[Exercise data — start]
(* For $i\in\{1,2\}$ let $\Psi_i=[A_i,B_i,C_i,D_i]\in\mathcal{RH}_\infty^{m_i\times k_i}$ with $A_1\in\mathbb{R}^{n_1\times n_1}$, $A_2\in\mathbb{R}^{n_2\times n_2}$, and let $M\in\mathbb{R}^{m_1\times m_2}$. Assume $\Psi_1^*(\zeta)M\Psi_2(\zeta)=0$ for all $\zeta\in\partial\mathbb D$, and that $(A_1,B_1)$ and $(A_2,B_2)$ are controllable. Then there exists $Z_{12}\in\mathbb{R}^{n_1\times n_2}$ such that $$\begin{pmatrix}A_1^\top Z_{12}A_2-Z_{12} & A_1^\top Z_{12}B_2\\ B_1^\top Z_{12}A_2 & B_1^\top Z_{12}B_2\end{pmatrix}=\begin{pmatrix}C_1&D_1\end{pmatrix}^\top M\begin{pmatrix}C_2&D_2\end{pmatrix}.$$
   Context: $[A,B,C,D](\zeta)=C(\zeta I-A)^{-1}B+D$. $\mathcal{RH}_\infty$ here means the realization matrix $A$ has all eigenvalues in the open unit disc $\mathbb D$. $\Psi^*(\zeta)=\Psi(\zeta^{-1})^\top$; $\partial\mathbb D$ is the unit circle. *)

theory Defs
  imports "HOL-Analysis.Analysis"
begin

definition cmat :: "real^'n^'m \<Rightarrow> complex^'n^'m" where
  "cmat X = (\<chi> i j. complex_of_real (X $ i $ j))"

definition tf :: "real^'n^'n \<Rightarrow> real^'k^'n \<Rightarrow> real^'n^'m \<Rightarrow> real^'k^'m
                  \<Rightarrow> complex \<Rightarrow> complex^'k^'m" where
  "tf A B C D z =
     cmat C ** matrix_inv (mat z - cmat A) ** cmat B + cmat D"

definition schur_stable :: "real^'n^'n \<Rightarrow> bool" where
  "schur_stable A \<longleftrightarrow> (\<forall>z::complex. det (mat z - cmat A) = 0 \<longrightarrow> cmod z < 1)"

fun mpow :: "real^'n^'n \<Rightarrow> nat \<Rightarrow> real^'n^'n" where
  "mpow A 0 = mat 1"
| "mpow A (Suc j) = A ** mpow A j"

definition controllable :: "real^'n^'n \<Rightarrow> real^'k^'n \<Rightarrow> bool" where
  "controllable A B \<longleftrightarrow>
     span {column i (mpow A j ** B) | i j. j < CARD('n)} = UNIV"

end

(*
  Because A1 and A2 are Schur stable, the Stein equation A1' Z A2 - Z = C1' M C2 has a
  solution Z. For this Z, Psi1*(z) M Psi2(z) equals G + B1' (z^-1 - A1')^-1 E + F (z - A2)^-1 B2,
  where E, F and G are the defects of the three remaining block equations. At the N-th roots of
  unity both resolvents become finite geometric sums up to an error governed by A1^N and A2^N;
  comparing Fourier coefficients and letting N tend to infinity shows that all the Markov
  parameters B1' (A1')^n E and F A2^n B2 vanish. Controllability then forces E = 0 and F = 0,
  and z = 1 gives G = 0.
*)
theory Submission
  imports Defs "Jordan_Normal_Form.Spectral_Radius"
begin

hide_const (open) Matrix.mat Matrix.vec Determinant.det
hide_fact (open) Matrix.vec_eq_iff
no_notation Matrix.vec_index (infixl \<open>$\<close> 100)

section \<open>Matrix algebra\<close>

fun matpow :: "'a::semiring_1^'n^'n \<Rightarrow> nat \<Rightarrow> 'a^'n^'n" where
  "matpow A 0 = mat 1"
| "matpow A (Suc k) = A ** matpow A k"
lemma plateau_eq_translate_mconf:
  assumes "2 \<le> k"
    and supp: "\<And>x. m x \<noteq> 0 \<Longrightarrow> L \<le> x \<and> x \<le> R"
    and plateau: "\<And>x. L < x \<Longrightarrow> x < R \<Longrightarrow> m x = M"
    and width: "R - L = int k \<and> m R = M - m L \<or> R - L = int k - 1 \<and> m L = M \<and> m R = M"
  shows "m = translate L (mconf M k (m L))"
proof
  fix x
  have outside: "m x = 0" if "x < L \<or> R < x"
    using supp[of x] that by (cases "m x = 0") auto
  consider "x < L" | "x = L" | "L < x" "x < R" | "x = R" | "R < x"
    by linarith
  then show "m x = translate L (mconf M k (m L)) x"
  proof cases
    case 1
    then show ?thesis by (simp add: outside translate_def mconf_def)
  next
    case 2
    then show ?thesis by (simp add: translate_def mconf_def)
  next
    case 3
    then show ?thesis using width by (auto simp: plateau translate_def mconf_def)
  next
    case 4
    then show ?thesis using width \<open>2 \<le> k\<close> by (auto simp: translate_def mconf_def)
  next
    case 5
    then show ?thesis using width \<open>2 \<le> k\<close> by (auto simp: outside translate_def mconf_def)
  qed
qed

lemma potential_ge_peak_bound:
  assumes m: "m \<in> configs M N" and "L \<le> p" "p \<le> R"
    and supp: "\<And>x. m x \<noteq> 0 \<Longrightarrow> L \<le> x \<and> x \<le> R" and peak: "\<And>x. m x \<le> m p"
  shows "real M * real N - real (m p) * (real N - real (m p)) \<le> potential M m"
proof -
  define u where "u x = real (m x)" for x
  have supp': "\<And>x. m x \<noteq> 0 \<Longrightarrow> L - 1 < x \<and> x \<le> R"
    using supp by fastforce
  have "(\<Sum>x\<in>{L - 1..R}. m x) = N"
    by (rule configs_sum_on[OF m]) (use supp' in fastforce)+
  then have mass: "(\<Sum>x\<in>{L - 1..R}. u x) = real N"
    unfolding u_def by (metis of_nat_sum)
  have "(\<Sum>x\<in>{L - 1..R}. u x * u (x + 1)) \<le> u p * ((\<Sum>x\<in>{L - 1..R}. u x) - u p)"
    by (rule sum_adjacent_products_le)
      (use supp' \<open>L \<le> p\<close> \<open>p \<le> R\<close> peak in \<open>fastforce simp: u_def\<close>)+
  then show ?thesis
    using potential_eq_mass_minus_products[OF m supp'] unfolding mass by (simp add: u_def)
qed

lemma potential_eq_peak_boundD:
  assumes m: "m \<in> configs M N" and "L \<le> p" "p \<le> R"
    and supp: "\<And>x. m x \<noteq> 0 \<Longrightarrow> L \<le> x \<and> x \<le> R" and peak: "\<And>x. m x \<le> m p" and "m p \<noteq> 0"
    and eq: "potential M m = real M * real N - real (m p) * (real N - real (m p))"
  shows "\<And>x. L \<le> x \<Longrightarrow> x < p \<Longrightarrow> m x \<le> m (x + 1)"
    and "\<And>x. p \<le> x \<Longrightarrow> x < R \<Longrightarrow> m (x + 1) \<le> m x"
    and "\<And>x. L \<le> x \<Longrightarrow> x < R \<Longrightarrow> m x \<noteq> 0 \<Longrightarrow> m (x + 1) \<noteq> 0
           \<Longrightarrow> max (m x) (m (x + 1)) = m p"
proof -
  define u where "u x = real (m x)" for x
  have supp': "\<And>x. m x \<noteq> 0 \<Longrightarrow> L - 1 < x \<and> x \<le> R"
    using supp by fastforce
  have "(\<Sum>x\<in>{L - 1..R}. m x) = N"
    by (rule configs_sum_on[OF m]) (use supp' in fastforce)+
  then have mass: "(\<Sum>x\<in>{L - 1..R}. u x) = real N"
    unfolding u_def by (metis of_nat_sum)
  have u_facts: "u (L - 1) = 0" "u (R + 1) = 0" "L - 1 \<le> p" "p \<le> R"
    "\<And>x. 0 \<le> u x" "\<And>x. u x \<le> u p" "0 < u p"
    using supp' \<open>L \<le> p\<close> \<open>p \<le> R\<close> peak \<open>m p \<noteq> 0\<close> by (fastforce simp: u_def)+
  have "(\<Sum>x\<in>{L - 1..R}. u x * u (x + 1)) = u p * ((\<Sum>x\<in>{L - 1..R}. u x) - u p)"
    using potential_eq_mass_minus_products[OF m supp'] eq unfolding mass by (simp add: u_def)
  note steps = sum_adjacent_products_eqD[OF u_facts this]
  show "m x \<le> m (x + 1)" if "L \<le> x" "x < p" for x
    using steps(1)[of x] that by (simp add: u_def)
  show "m (x + 1) \<le> m x" if "p \<le> x" "x < R" for x
    using steps(2)[of x] that by (simp add: u_def)
  show "max (m x) (m (x + 1)) = m p" if "L \<le> x" "x < R" "m x \<noteq> 0" "m (x + 1) \<noteq> 0" for x
    using steps(3)[of x] that by (simp add: u_def flip: of_nat_max)
qed

lemma potential_ge_sq:
  assumes m: "m \<in> configs M N" and "0 < M" "2 * M \<le> N"
  shows "real M ^ 2 \<le> potential M m"
proof -
  obtain L R p where "L \<le> p" "p \<le> R" "\<And>x. m x \<noteq> 0 \<Longrightarrow> L \<le> x \<and> x \<le> R" "\<And>x. m x \<le> m p"
    using configs_obtain_window[OF m] assms(2,3) by (metis mult_pos_pos order_less_le_trans pos2)
  then have "real M * real N - real (m p) * (real N - real (m p)) \<le> potential M m"
    using m by (intro potential_ge_peak_bound)
  moreover have "real (m p) * (real N - real (m p)) \<le> real M * (real N - real M)"
  proof (cases "m p = M")
    case False
    moreover have "m p \<le> M"
      using m by (simp add: configs_def)
    ultimately have "real (m p) < real M"
      by simp
    with \<open>2 * M \<le> N\<close> show ?thesis
      using mult_self_diff_strict_mono[of "real (m p)" "real M" "real N"] by simp
  qed simp
  ultimately show ?thesis
    by (simp add: power2_eq_square algebra_simps)
qed

lemma potential_eq_sq_imp_translate_mconf:
  assumes m: "m \<in> configs M (k * M)" and "0 < M" "2 \<le> k"
    and V: "potential M m = real M ^ 2"
  shows "\<exists>t j. j \<in> {1..M} \<and> m = translate t (mconf M k j)"
proof -
  obtain L R p where window: "L \<le> p" "p \<le> R" "m L \<noteq> 0" "m R \<noteq> 0"
    and supp: "\<And>x. m x \<noteq> 0 \<Longrightarrow> L \<le> x \<and> x \<le> R" and peak: "\<And>x. m x \<le> m p"
    using configs_obtain_window[OF m] assms(2,3) by (metis mult_pos_pos order_less_le_trans pos2)
  have "real M * real (k * M) - real (m p) * (real (k * M) - real (m p)) \<le> real M ^ 2"
    using potential_ge_peak_bound[OF m window(1,2) supp peak] V by simp
  moreover have "real M ^ 2 = real M * real (k * M) - real M * (real (k * M) - real M)"
    by (simp add: power2_eq_square algebra_simps)
  moreover have "2 * real M \<le> real (k * M)"
    using \<open>2 \<le> k\<close> by (simp add: mult_right_mono)
  ultimately have "\<not> real (m p) < real M"
    using mult_self_diff_strict_mono[of "real (m p)" "real M" "real (k * M)"] by linarith
  moreover have "m p \<le> M"
    using m by (simp add: configs_def)
  ultimately have "m p = M"
    by simp
  with V \<open>0 < M\<close> have "m p \<noteq> 0"
    and "potential M m = real M * real (k * M) - real (m p) * (real (k * M) - real (m p))"
    by (simp_all add: power2_eq_square algebra_simps)
  note steps = potential_eq_peak_boundD[OF m window(1,2) supp peak this]
  have "m x = M" if "L < x" "x < R" for x
    using plateau_if_unimodal_saturated[OF window(3,4) that steps] \<open>m p = M\<close> by simp
  then have "m = translate L (mconf M k (m L))"
    using plateau_eq_translate_mconf[OF \<open>2 \<le> k\<close> supp] plateau_width[OF m \<open>2 \<le> k\<close> supp window(3,4)]
    by blast
  moreover have "m L \<in> {1..M}"
    using m \<open>m L \<noteq> 0\<close> by (auto simp: configs_def)
  ultimately show ?thesis by blast
qed

lemma minimizers_eq_level:
  assumes "m\<^sub>0 \<in> configs M N" "\<And>m. m \<in> configs M N \<Longrightarrow> potential M m\<^sub>0 \<le> potential M m"
  shows "minimizers M N = {m \<in> configs M N. potential M m = potential M m\<^sub>0}"
  using assms unfolding minimizers_def by (auto intro: order_antisym)

theorem mainTheorem6:
  fixes M k :: nat
  assumes "M \<ge> 2" and "k \<ge> 2"
  shows "minimizers M (k * M) = {translate t (mconf M k j) | t j. j \<in> {1..M}}
    \<and> (\<forall>j\<in>{1..M}. potential M (mconf M k j) = real M ^ 2)"
proof
  have "0 < M" using assms by simp
  have mconf_j: "mconf M k j \<in> configs M (k * M)" "potential M (mconf M k j) = real M ^ 2"
    if "j \<in> {1..M}" for j
    using mconf_in_configs potential_mconf that assms by simp_all
  then show "\<forall>j\<in>{1..M}. potential M (mconf M k j) = real M ^ 2" by blast
  have "1 \<in> {1..M}" "2 * M \<le> k * M"
    using assms by simp_all
  have lower: "potential M (mconf M k 1) \<le> potential M m" if "m \<in> configs M (k * M)" for m
    using potential_ge_sq[OF that \<open>0 < M\<close> \<open>2 * M \<le> k * M\<close>] mconf_j(2)[OF \<open>1 \<in> {1..M}\<close>] by simp
  have "minimizers M (k * M) = {m \<in> configs M (k * M). potential M m = real M ^ 2}"
    using minimizers_eq_level[OF mconf_j(1)[OF \<open>1 \<in> {1..M}\<close>] lower] mconf_j(2)[OF \<open>1 \<in> {1..M}\<close>]
    by simp
  also have "\<dots> = {translate t (mconf M k j) | t j. j \<in> {1..M}}"
    using potential_eq_sq_imp_translate_mconf[OF _ \<open>0 < M\<close> assms(2)]
      translate_in_configs mconf_j potential_translate
    by (auto; blast)
  finally show "minimizers M (k * M) = {translate t (mconf M k j) | t j. j \<in> {1..M}}" .
qed

end
theorem lemma3p4:
  fixes V :: "real \<Rightarrow> real" and R :: real
  assumes R_pos: "R > 0"
    and V_meas: "V \<in> borel_measurable lborel"
    and V_Linf: "\<exists>C. AE x in lborel. \<bar>V x\<bar> \<le> C"
    and V_decay: "\<forall>\<epsilon>>0. \<exists>r. AE x in lborel. \<bar>x\<bar> > r \<longrightarrow> \<bar>V x\<bar> < \<epsilon>"
    and V_int_neg: "(LBINT x=-R..R. V x) < 0"
    and V_nonpos_out: "AE x in lborel. \<bar>x\<bar> > R \<longrightarrow> V x \<le> 0"
  shows "(\<forall>\<beta>>0. \<exists>\<mu><0. K_eigenvalue V \<beta> \<mu>) \<and> filterlim (mu1 V) at_bot (at_right 0)"
proof -
  obtain C where "AE x in lborel. \<bar>V x\<bar> \<le> C" using V_Linf by blast
  then interpret decaying_potential V "\<bar>C\<bar>"
    using V_meas V_decay by unfold_locales (auto elim: eventually_mono)
  show ?thesis
    using negative_eigenvalue_and_mu1_le_plateau[OF R_pos V_nonpos_out V_int_neg _ zero_less_one]
      mu1_tendsto_at_bot[OF R_pos V_nonpos_out V_int_neg] by blast
qed

end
[Exercise data — finish]
__Brief__.
Reply with one number, the count of lines in the records that include the word "blast".

__Problem solution__.
6